While before this buyout defense contracts were only 1% to 1-1/2% of GM's gross production, it is now estimated they will make up more than 6%. More important than the percentages, however, is the direction of this development. It is a qualitatively different kind of merger. It marks a giant leap of civilian industry into the arms of the military-industrial complex.

Even though General Motors is so huge in comparison to Hughes Aircraft, one must reckon with the fact that it is not Hughes (that is, an individual giant corporation) which will exercise influence over General Motors. That would be absurd. Rather, it is the Pentagon, which has at its disposal hundreds of billions of dollars and therefore towers over any corporation, including GM.
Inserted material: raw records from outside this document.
(* Let $\mathbb{k}$ be a field of characteristic $0$ containing a primitive $n$-th root of unity $\omega$, let $H=T_{n^2}(\omega)$ be the Taft Hopf algebra and $A=A_n(\omega)=\mathbb{k}[z]/(z^n-\omega)$ with $u$ the image of $z$. Let $A$ be the left $H$-module algebra with $g\cdot u=\omega u$ and $x\cdot u=1$, and the left $H$-comodule algebra via the algebra homomorphism $\rho:A\to H\otimes A$, $\rho(u)=\sum_{i=0}^{n-1}a_i\,x^ig^{-(i+1)}\otimes u^{i+1}$ where $a_i=(\omega-1)^i\omega^{i(i+1)/2}$. Then, for every $n$, $A$ is an object of the category ${}^H_H\mathcal{YD}$ of (left, left) Yetter–Drinfeld modules, i.e. for all $h\in H$ and $m\in A$, $$\sum h_1m_{-1}\otimes h_2\cdot m_0=\sum (h_1\cdot m)_{-1}h_2\otimes (h_1\cdot m)_0,$$ where $\rho(m)=\sum m_{-1}\otimes m_0$ and $\Delta(h)=\sum h_1\otimes h_2$.
   Context: The Taft Hopf algebra is $H=T_{n^2}(\omega)=\mathbb{k}\langle x,g\mid x^n=0,\ g^n=1,\ xg=\omega gx\rangle$ with $\Delta(g)=g\otimes g$, $\Delta(x)=x\otimes 1+g\otimes x$, $\epsilon(g)=1$, $\epsilon(x)=0$, $S(g)=g^{-1}$, $S(x)=-g^{-1}x$. "Module algebra" means $h\cdot(ab)=\sum(h_1\cdot a)(h_2\cdot b)$ and $h\cdot 1=\epsilon(h)1$; so the action is determined by $g\cdot u=\omega u$, $x\cdot u=1$ (e.g. $x\cdot u^{i+1}=(\sum_{j=0}^i\omega^j)u^i$). $A$ is an $H$-comodule algebra via $\rho$, meaning $(\mathrm{id}\otimes\rho)\rho=(\Delta\otimes\mathrm{id})\rho$. *)

theory Defs
  imports Main
begin

text \<open>
Fix n and omega.
 * An element of H = T_{n^2}(omega) is a coefficient function  f :: nat => nat => 'k,
   f a b being the coefficient of the PBW basis element g^a x^b  (0 <= a,b < n).
 * An element of A = k[z]/(z^n - omega) is  m :: nat => 'k,  m i the coefficient of u^i (0 <= i < n).
 * H (x) A  is  nat => nat => nat => 'k  (coefficient of g^a x^b (x) u^i).
 * H (x) H  is  nat => nat => nat => nat => 'k  (coefficient of g^a x^b (x) g^c x^d).
All constructions below vanish outside the index range {0..<n}.
\<close>

type_synonym 'k Hel = "nat \<Rightarrow> nat \<Rightarrow> 'k"
type_synonym 'k Ael = "nat \<Rightarrow> 'k"
type_synonym 'k HAel = "nat \<Rightarrow> nat \<Rightarrow> nat \<Rightarrow> 'k"
type_synonym 'k HHel = "nat \<Rightarrow> nat \<Rightarrow> nat \<Rightarrow> nat \<Rightarrow> 'k"

definition primitive_root :: "nat \<Rightarrow> 'k::field \<Rightarrow> bool" where
  "primitive_root n w \<longleftrightarrow> 0 < n \<and> w ^ n = 1 \<and> (\<forall>k. 0 < k \<and> k < n \<longrightarrow> w ^ k \<noteq> 1)"

text \<open>Basis element g^a x^b, using g^n = 1 and x^n = 0.\<close>
definition Hb :: "nat \<Rightarrow> nat \<Rightarrow> nat \<Rightarrow> 'k::field Hel" where
  "Hb n a b = (\<lambda>c d. if c = a mod n \<and> d = b \<and> b < n then 1 else 0)"

text \<open>Product: (g^a x^b)(g^a' x^b') = omega^(b a') g^(a+a') x^(b+b'), from x g = omega g x.\<close>
definition Hmul :: "nat \<Rightarrow> 'k::field \<Rightarrow> 'k Hel \<Rightarrow> 'k Hel \<Rightarrow> 'k Hel" where
  "Hmul n w f h = (\<lambda>c d. if c < n \<and> d < n then
     (\<Sum>a<n. \<Sum>b<n. \<Sum>a'<n. \<Sum>b'<n. f a b * h a' b' * w ^ (b * a') * Hb n (a + a') (b + b') c d)
     else 0)"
It should be noted that the Ford Motor Company has also become involved in military production. This will compel more and more civilian producers to follow the trend. It is part and parcel of the Pentagon's effort to militarize U.S. industry.

For a long time the auto industry, in particular, was viewed by a variety of liberal thinkers concerned with the struggle against imperialist war as a mainstay for peaceful coexistence with the USSR and other socialist countries and as a brake on the Pentagon. This was regarded as the material basis for the existence of a moderate grouping within the bourgeoisie, with economic roots in the civilian sector. This merger comes as a severe blow to this view.

However, it is part of a longer-term trend. The principal motivation for the GM-Hughes merger and its most immediate basis can be directly traced to the Star Wars project, which has been pushed so feverishly by the Reagan administration. It is important to take into account this extremely significant political development, which gave the final stimulus to the GM-Hughes merger.

In this "most open of open societies," the most important economic and political processes are carried out in secret. Only when they are completed are they brought out into the open as an accomplished fact. The GM-Hughes merger was a textbook example of this.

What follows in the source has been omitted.